Artemisia japonica, commonly known as the Japanese wormwood or the Oriental wormwood, is a species of wormwood in the family Asteraceae that is native to Japan, Korea, China, Southeast Asia, and the Indian Subcontinent.

==Description==
Artemisia japonica is a perennial herb growing up to 50-130 centimeters. The rootstock is thick, woody, and has a strong smell. The leaves are clustered at the rounded apex. The leaf blade is spatulate and oblong-obovate to broadly spatulate or flabellate. The achenes are brown and obovoid. The many nodding capitulas are ovoid or subglobose. 12-15 florets are yellow. The florets are bisexual, meaning that the species has male and female flowers. The flowering is from August to November. It is most commonly found in the months of August, September, and October. 82.3% of the time it was found it was a preserved sample, and 17.0% of the time it was observed by humans. It is most commonly found in the countries of China, Japan, and Korea.

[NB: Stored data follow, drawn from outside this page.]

lemma block_index_less:
  assumes "(g::nat) < G" "s < c"
  shows "g * c + s < G * c"
proof -
  have "Suc g * c \<le> G * c" using assms(1) by (intro mult_le_mono1) simp
  then show ?thesis using assms(2) by simp
qed

lemma relu_sub_relu_neg: "relu x - relu (- x) = x"
  by (simp add: relu_def)

lemma pair_layer_in_sum:
  fixes G m g q r :: nat
  defines "c \<equiv> (3 * m + 1) div 2" and "a \<equiv> g * m + 2 * q"
  assumes g: "g < G" and qr: "3 * q + r < c" "r < 3"
  shows "(\<Sum>j<G * m. pair_layer_in \<sigma> m (g * c + 3 * q + r) j * v j) =
    (if r = 0 then v a else if r = 1 then - v a else \<sigma> * (v (a + 1) - v a))"
proof -
  have t: "(g * c + 3 * q + r) div c = g" "(g * c + 3 * q + r) mod c = 3 * q + r"
    using qr by (simp_all add: add.assoc)
  have w: "(3 * q + r) div 3 = q" "(3 * q + r) mod 3 = r"
    using qr(2) by simp_all
  have weights: "pair_layer_in \<sigma> m (g * c + 3 * q + r) j = (if r = 0 then of_bool (j = a)
      else if r = 1 then - of_bool (j = a) else \<sigma> * (of_bool (j = a + 1) - of_bool (j = a)))" for j
    using qr(2) unfolding pair_layer_in_def Let_def c_def[symmetric] t w a_def by simp
  have "2 * q < m" using qr unfolding c_def by linarith
  then have a: "a < G * m" unfolding a_def by (rule block_index_less[OF g])
  show ?thesis
  proof (cases "r = 2")
    case True
    then have "2 * q + 1 < m" using qr unfolding c_def by linarith
    then have "a + 1 < G * m" using block_index_less[OF g] unfolding a_def by (metis add.assoc)
    then show ?thesis unfolding weights using a True
      by (simp add: sum_delta_lessThan left_diff_distrib sum_subtractf mult.assoc
          flip: sum_distrib_left)
  qed (use a qr(2) in \<open>simp_all add: weights sum_delta_lessThan sum_negf\<close>)
qed

lemma pair_layer_out_sum:
  fixes G m i :: nat
  defines "h \<equiv> (m + 1) div 2" and "c \<equiv> (3 * m + 1) div 2"
  defines "q \<equiv> i mod h"
  defines "t0 \<equiv> i div h * c + 3 * q"
  assumes i: "i < G * h"
  shows "(\<Sum>t<G * c. pair_layer_out \<sigma> m i t * R t) =
    R t0 - R (t0 + 1) + (if 2 * q + 1 < m then \<sigma> * R (t0 + 2) else 0)"
proof -
  have h: "h > 0" using i by (cases "h = 0") simp_all
  then have g: "i div h < G" using i by (simp add: less_mult_imp_div_less mult.commute)
  have "q < h" using h unfolding q_def by simp
  then have "3 * q + 1 < c" unfolding c_def h_def by linarith
  then have t1: "t0 + 1 < G * c" using block_index_less[OF g] unfolding t0_def by (metis add.assoc)
  have t2: "t0 + 2 < G * c" if "2 * q + 1 < m"
  proof -
    have "3 * q + 2 < c" using that unfolding c_def by linarith
    then show ?thesis using block_index_less[OF g] unfolding t0_def by (metis add.assoc)
  qed
  have weights: "pair_layer_out \<sigma> m i t = of_bool (t = t0) - of_bool (t = t0 + 1) +
      (if 2 * q + 1 < m then \<sigma> * of_bool (t = t0 + 2) else 0)" for t
    unfolding pair_layer_out_def Let_def h_def[symmetric] c_def[symmetric] q_def[symmetric]
      t0_def[symmetric] ..
  show ?thesis
    using t1 t2
    by (simp add: weights distrib_right left_diff_distrib sum.distrib
      sum_subtractf sum_delta_lessThan mult.assoc flip: sum_distrib_left)
qed

lemma reduce_pairs_eq_layer:
  fixes G m i :: nat
  defines "h \<equiv> (m + 1) div 2" and "c \<equiv> (3 * m + 1) div 2"
  assumes i: "i < G * h"
  shows "reduce_pairs \<sigma> m v i =
    (\<Sum>t<G * c. pair_layer_out \<sigma> m i t * relu (\<Sum>j<G * m. pair_layer_in \<sigma> m t j * v j))"
proof -
  define g where "g = i div h"
  define q where "q = i mod h"
  define a where "a = g * m + 2 * q"
  define t0 where "t0 = g * c + 3 * q"
  define R where "R t = relu (\<Sum>j<G * m. pair_layer_in \<sigma> m t j * v j)" for t
  have h: "h > 0" using i by (cases "h = 0") simp_all
  have g: "g < G" using i h unfolding g_def by (simp add: less_mult_imp_div_less mult.commute)
  have q: "q < h" using h unfolding q_def by simp
  have neuron: "R (t0 + r) =
      relu (if r = 0 then v a else if r = 1 then - v a else \<sigma> * (v (a + 1) - v a))"
    if "3 * q + r < c" "r < 3" for r
    using pair_layer_in_sum[OF g that(1)[unfolded c_def] that(2)]
    unfolding R_def t0_def c_def a_def by simp
  have "3 * q + 1 < c" using q unfolding c_def h_def by linarith
  then have R01: "R t0 = relu (v a)" "R (t0 + 1) = relu (- v a)"
    using neuron[of 0] neuron[of 1] by simp_all
  have R2: "R (t0 + 2) = relu (\<sigma> * (v (a + 1) - v a))" if "2 * q + 1 < m"
  proof -
    have "3 * q + 2 < c" using that unfolding c_def by linarith
    then show ?thesis using neuron[of 2] by simp
  qed
  have "(\<Sum>t<G * c. pair_layer_out \<sigma> m i t * R t) =
      R t0 - R (t0 + 1) + (if 2 * q + 1 < m then \<sigma> * R (t0 + 2) else 0)"
    using pair_layer_out_sum[OF i[unfolded h_def], where \<sigma>=\<sigma> and R=R]
    unfolding h_def[symmetric] c_def[symmetric] g_def[symmetric] q_def[symmetric] t0_def .
  moreover have "g * h + q = i" unfolding g_def q_def by simp
  ultimately show ?thesis
    using reduce_pairs_block[OF q[unfolded h_def], of \<sigma> v g] R01 R2 relu_sub_relu_neg[of "v a"]
    unfolding h_def[symmetric] R_def[symmetric] a_def[symmetric]
    by (simp add: relu_minmax_def)
qed

lemma net_computes_reduce_pairs:
  assumes comp: "net_computes ks Ls (G * ((m + 1) div 2)) F" and m: "m \<ge> 2" and G: "G \<ge> 1"
  shows "\<exists>Ls'. net_computes (G * ((3 * m + 1) div 2) # ks) Ls' (G * m)
    (\<lambda>v. F (reduce_pairs \<sigma> m v))"
proof -
  have "G * ((3 * m + 1) div 2) > 0" using m G by simp
  then show ?thesis
    using net_computes_prepend_layer[OF comp, where H = "reduce_pairs \<sigma> m"
        and B = "pair_layer_out \<sigma> m" and Q = "pair_layer_in \<sigma> m" and b = "\<lambda>i. 0"]
      reduce_pairs_eq_layer
    by simp
qed

function reduce_blocks :: "real \<Rightarrow> nat \<Rightarrow> (nat \<Rightarrow> real) \<Rightarrow> nat \<Rightarrow> real" where
  "reduce_blocks \<sigma> m v =
    (if m \<le> 1 then v else reduce_blocks \<sigma> ((m + 1) div 2) (reduce_pairs \<sigma> m v))"
  by pat_completeness auto
termination by (relation "Wellfounded.measure (\<lambda>(\<sigma>, m, v). m)") auto

function halving_widths :: "nat \<Rightarrow> nat list" where
  "halving_widths m = (if m \<le> 1 then [] else (3 * m + 1) div 2 # halving_widths ((m + 1) div 2))"
  by pat_completeness auto
termination by (relation "Wellfounded.measure id") auto

declare reduce_blocks.simps[simp del] halving_widths.simps[simp del]

lemma halving_step_less: "\<not> (m::nat) \<le> 1 \<Longrightarrow> (m + 1) div 2 < m \<and> 1 \<le> (m + 1) div 2"
  by auto

lemma net_computes_reduce_blocks:
  assumes "G \<ge> 1" "m \<ge> 1" "net_computes ks Ls G F"
  shows "\<exists>Ls'. net_computes (map ((*) G) (halving_widths m) @ ks) Ls' (G * m)
    (\<lambda>v. F (reduce_blocks \<sigma> m v))"
  using assms(2)
proof (induction m rule: less_induct)
  case (less m)
  show ?case
  proof (cases "m \<le> 1")
    case True
    then have "m = 1" using less.prems by simp
    then show ?thesis using assms(3) by (simp add: reduce_blocks.simps halving_widths.simps) blast
  next
    case False
    then obtain Ls' where "net_computes (map ((*) G) (halving_widths ((m + 1) div 2)) @ ks) Ls'
        (G * ((m + 1) div 2)) (\<lambda>v. F (reduce_blocks \<sigma> ((m + 1) div 2) v))"
      using less.IH halving_step_less by blast
    from net_computes_reduce_pairs[OF this _ assms(1), of \<sigma>] False show ?thesis
      by (simp add: reduce_blocks.simps[of _ m] halving_widths.simps[of m])
  qed
qed

lemma reduce_blocks_uminus: "reduce_blocks (-1) m v = (\<lambda>i. - reduce_blocks 1 m (\<lambda>j. - v j) i)"
proof (induction m arbitrary: v rule: less_induct)
  case (less m)
  have "reduce_pairs (-1) m v = (\<lambda>i. - reduce_pairs 1 m (\<lambda>j. - v j) i)"
    by (simp add: reduce_pairs_def relu_minmax_neg Let_def fun_eq_iff)
  then show ?case
    using less.IH[OF conjunct1[OF halving_step_less]]
    by (simp add: reduce_blocks.simps[of _ m])
qed

lemma Max_reduce_pairs:
  assumes "2 \<le> m"
  defines "h \<equiv> (m + 1) div 2"
  shows "Max ((\<lambda>q. reduce_pairs 1 m v (g * h + q)) ` {..<h}) = Max ((\<lambda>i. v (g * m + i)) ` {..<m})"
proof -
  define pair where "pair q = {2 * q, 2 * q + 1} \<inter> {..<m}" for q
  have pair_ne: "pair q \<noteq> {}" if "q < h" for q
    using that unfolding pair_def h_def by auto
  have reduce_pair: "reduce_pairs 1 m v (g * h + q) = Max ((\<lambda>i. v (g * m + i)) ` pair q)"
    if "q < h" for q
  proof -
    have "2 * q < m" using that unfolding h_def by linarith
    then show ?thesis
      using reduce_pairs_block[OF that[unfolded h_def], of 1 v g]
      by (auto simp: pair_def h_def relu_minmax_max Int_insert_left)
  qed
  show ?thesis
  proof (rule Max_eq_if)
    show "\<forall>a\<in>(\<lambda>q. reduce_pairs 1 m v (g * h + q)) ` {..<h}.
        \<exists>b\<in>(\<lambda>i. v (g * m + i)) ` {..<m}. a \<le> b"
    proof
      fix a assume "a \<in> (\<lambda>q. reduce_pairs 1 m v (g * h + q)) ` {..<h}"
      then obtain q where "q < h" "a = Max ((\<lambda>i. v (g * m + i)) ` pair q)"
        using reduce_pair by auto
      then have "a \<in> (\<lambda>i. v (g * m + i)) ` pair q"
        using pair_ne by (simp add: pair_def)
      then show "\<exists>b\<in>(\<lambda>i. v (g * m + i)) ` {..<m}. a \<le> b" unfolding pair_def by blast
    qed
    show "\<forall>b\<in>(\<lambda>i. v (g * m + i)) ` {..<m}.
        \<exists>a\<in>(\<lambda>q. reduce_pairs 1 m v (g * h + q)) ` {..<h}. b \<le> a"
    proof
      fix b assume "b \<in> (\<lambda>i. v (g * m + i)) ` {..<m}"
      then obtain i where i: "i < m" "b = v (g * m + i)" by blast
      define q where "q = i div 2"
      have q: "q < h" "i \<in> pair q" using i unfolding q_def h_def pair_def by auto
      have "b \<le> Max ((\<lambda>i. v (g * m + i)) ` pair q)"
        unfolding i(2) by (rule Max_ge[OF _ imageI[OF q(2)]]) (simp add: pair_def)
      also have "\<dots> = reduce_pairs 1 m v (g * h + q)" using reduce_pair[OF q(1)] by simp
      finally show "\<exists>a\<in>(\<lambda>q. reduce_pairs 1 m v (g * h + q)) ` {..<h}. b \<le> a"
        using q(1) by blast
    qed
  qed (use assms in \<open>simp_all add: h_def\<close>)
qed

lemma reduce_blocks_max:
  assumes "m \<ge> 1"
  shows "reduce_blocks 1 m v g = Max ((\<lambda>i. v (g * m + i)) ` {..<m})"
  using assms
proof (induction m arbitrary: v rule: less_induct)
  case (less m)
  show ?case
  proof (cases "m \<le> 1")
    case True
    then have "m = 1" using less.prems by simp
    then show ?thesis by (simp add: reduce_blocks.simps lessThan_Suc)
  next
    case False
    then have "reduce_blocks 1 m v g =
        Max ((\<lambda>q. reduce_pairs 1 m v (g * ((m + 1) div 2) + q)) ` {..<(m + 1) div 2})"
      using less.IH[OF halving_step_less[OF False, THEN conjunct1]] halving_step_less[OF False]
      by (simp add: reduce_blocks.simps[of _ m])
    also have "\<dots> = Max ((\<lambda>i. v (g * m + i)) ` {..<m})"
      using False by (intro Max_reduce_pairs) simp
    finally show ?thesis .
  qed
qed

lemma reduce_blocks_min:
  assumes "m \<ge> 1"
  shows "reduce_blocks (-1) m v g = Min ((\<lambda>i. v (g * m + i)) ` {..<m})"
proof -
  have "reduce_blocks (-1) m v g = - Max ((\<lambda>i. - v (g * m + i)) ` {..<m})"
    using reduce_blocks_max[OF assms, of "\<lambda>j. - v j" g] by (simp add: reduce_blocks_uminus)
  also have "\<dots> = Min (uminus ` (\<lambda>i. - v (g * m + i)) ` {..<m})"
    using assms by (intro minus_Max_eq_Min) (auto simp: lessThan_empty_iff)
  finally show ?thesis by (simp add: image_image)
qed

lemma halving_widths_length:
  assumes "m \<ge> 1"
  shows "m \<le> 2 ^ length (halving_widths m) \<and> 2 ^ length (halving_widths m) < 2 * m"
  using assms
proof (induction m rule: halving_widths.induct)
  case (1 m)
  show ?case
  proof (cases "m \<le> 1")
    case True
    then show ?thesis using "1.prems" by (simp add: halving_widths.simps)
  next
    case False
    define s where "s = length (halving_widths ((m + 1) div 2))"
    have IH: "(m + 1) div 2 \<le> 2 ^ s" "2 ^ s < 2 * ((m + 1) div 2)"
      using "1.IH"[OF False] False unfolding s_def by auto
    have "2 ^ s \<noteq> m" if "odd m"
      using that False by (cases s) auto
    then have "2 ^ s < m" using IH by presburger
    then show ?thesis using IH False by (simp add: halving_widths.simps[of m] s_def)
  qed
qed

Artemisia japonica has four varieties:

- Artemisia japonica var. hainanensis native to China.
- Artemisia japonica var. hallaisanensis native to Korea.
- Artemisia japonica var. japonica native to Japan.
- Artemisia japonica var. manshurica native to Northeastern China.

==Uses==
The young leaves are cooked and eaten. The adult leaves are used as a digestive. A decoction of the leaves can give hypertension if eaten too much. The juice from the plant is used to treat vaginitis and skin diseases. The powder from drying the plant is used as an incense. It is used in making antitoxifying and antifebrile drugs.

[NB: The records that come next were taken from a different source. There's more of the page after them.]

lemma dist_neq_1_if_not_adj:
  assumes "walk P p" "hd p = x" "last p = y" and "\<not> adj P x y"
  shows "dist P x y \<noteq> 1"
proof
  assume "dist P x y = 1"
  moreover have "\<exists>q. walk P q \<and> hd q = x \<and> last q = y \<and> length q = Suc (dist P x y)"
    unfolding dist_def
    by (rule LeastI[of _ "length p - 1"]) (use assms in \<open>auto simp: walk_def\<close>)
  ultimately obtain q where q: "walk P q" "hd q = x" "last q = y" "length q = 2"
    by auto
  then obtain a b where "q = [a, b]"
    by (cases q; cases "tl q") auto
  with q assms(4) show False
    by (auto simp: walk_def dest: spec[of _ 0])
qed

lemma dist_endpoint_neq:
  assumes "simple_graph P" and "adj P x y" and "s \<in> {x, y}"
  shows "dist P s x \<noteq> dist P s y"
proof -
  have "adj P y x" "x \<in> verts P" "y \<in> verts P"
    using assms(1,2) by (auto simp: simple_graph_def)
  then show ?thesis
    using assms by (auto simp: dist_self dist_eq_1_if_adj)
qed

lemma dist_neq_if_adj_not_adj:
  assumes "simple_graph P" and "adj P s x" "adj P x y" and "\<not> adj P s y"
  shows "dist P s x \<noteq> dist P s y"
proof -
  have "walk P [s, x, y]"
    using assms by (auto simp: walk_def simple_graph_def nth_Cons split: nat.splits)
  then have "dist P s y \<noteq> 1" using assms(4) by (intro dist_neq_1_if_not_adj) auto
  then show ?thesis using dist_eq_1_if_adj[OF assms(1,2)] by simp
qed

lemma dist_involution_invariant:
  assumes "\<And>a. \<phi> (\<phi> a) = a" and "\<And>a. a \<in> verts P \<Longrightarrow> \<phi> a \<in> verts P"
    and "\<And>a b. adj P a b \<Longrightarrow> adj P (\<phi> a) (\<phi> b)"
  shows "dist P (\<phi> a) (\<phi> b) = dist P a b"
proof -
  have walk_map: "walk P (map \<phi> p)" if "walk P p" for p
    using that assms(2,3) unfolding walk_def by auto
  have map_walk: "(\<exists>p. walk P p \<and> hd p = \<phi> x \<and> last p = \<phi> y \<and> length p = n)
      \<longleftrightarrow> (\<exists>p. walk P p \<and> hd p = x \<and> last p = y \<and> length p = n)" for x y n
  proof
    assume "\<exists>p. walk P p \<and> hd p = \<phi> x \<and> last p = \<phi> y \<and> length p = n"
    then obtain p where p: "walk P p" "hd p = \<phi> x" "last p = \<phi> y" "length p = n" by blast
    then have "p \<noteq> []" by (auto simp: walk_def)
    with p show "\<exists>p. walk P p \<and> hd p = x \<and> last p = y \<and> length p = n"
      using walk_map[of p] assms(1) by (intro exI[of _ "map \<phi> p"]) (auto simp: hd_map last_map)
  next
    assume "\<exists>p. walk P p \<and> hd p = x \<and> last p = y \<and> length p = n"
    then obtain p where p: "walk P p" "hd p = x" "last p = y" "length p = n" by blast
    then have "p \<noteq> []" by (auto simp: walk_def)
    with p show "\<exists>p. walk P p \<and> hd p = \<phi> x \<and> last p = \<phi> y \<and> length p = n"
      using walk_map[of p] by (intro exI[of _ "map \<phi> p"]) (auto simp: hd_map last_map)
  qed
  show ?thesis unfolding dist_def map_walk ..
qed

lemma true_twins_adj:
  assumes "simple_graph P" and "true_twins P x y"
  shows "adj P x y" and "\<And>z. z \<noteq> x \<Longrightarrow> z \<noteq> y \<Longrightarrow> adj P x z \<longleftrightarrow> adj P y z"
proof -
  have "y \<in> closed_nbhd P x" using assms(2) by (auto simp: true_twins_def closed_nbhd_def)
  then show "adj P x y" using assms(2) by (auto simp: true_twins_def closed_nbhd_def)
  show "adj P x z \<longleftrightarrow> adj P y z" if "z \<noteq> x" "z \<noteq> y" for z
    using assms that unfolding true_twins_def closed_nbhd_def simple_graph_def by blast
qed
lemma multilinear_on_compose:
  assumes "multilinear_on scale V Y" "Vector_Spaces.linear scale scale p" "range p \<subseteq> V"
  shows "multilinear_on scale UNIV (\<lambda>xs. Y (map p xs))"
  unfolding multilinear_on_def
proof (intro allI impI)
  fix xs ys :: "'b list" and a x y
  have "set (map p zs) \<subseteq> V" for zs using assms(3) by auto
  then show "Y (map p (xs @ (a *s x + y) # ys)) = a * Y (map p (xs @ x # ys)) + Y (map p (xs @ y # ys))"
    using assms(1)[unfolded multilinear_on_def, rule_format, of "map p xs" "map p ys" "p x" "p y" a] assms(3)
    by (simp add: linear_endo_simps[OF assms(2)] range_subsetD)
qed

lemma multilinear_on_add_forms:
  "multilinear_on scale V Y \<Longrightarrow> multilinear_on scale V Z \<Longrightarrow>
     multilinear_on scale V (\<lambda>xs. Y xs + Z xs)"
  unfolding multilinear_on_def by (simp add: algebra_simps)

lemma multilinear_on_diff_forms:
  "multilinear_on scale V Y \<Longrightarrow> multilinear_on scale V Z \<Longrightarrow>
     multilinear_on scale V (\<lambda>xs. Y xs - Z xs)"
  unfolding multilinear_on_def by (simp add: algebra_simps)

In a study about artemisinin production in Artemisia species, A. japonica had around average levels compared to other species (0.05% to 0.15% artemisinin). It also had more artemisinin in the flowers than their leaves.

==Ecology==
Globodera artemisiae, a parasite, was first found on Artemisia japonica in September 2020. The parasite is commonly found on Artemisia vulgaris. The plant is grazed by sheep and goats in Ladakh and Lahoul, India, but not liked by yaks in the region.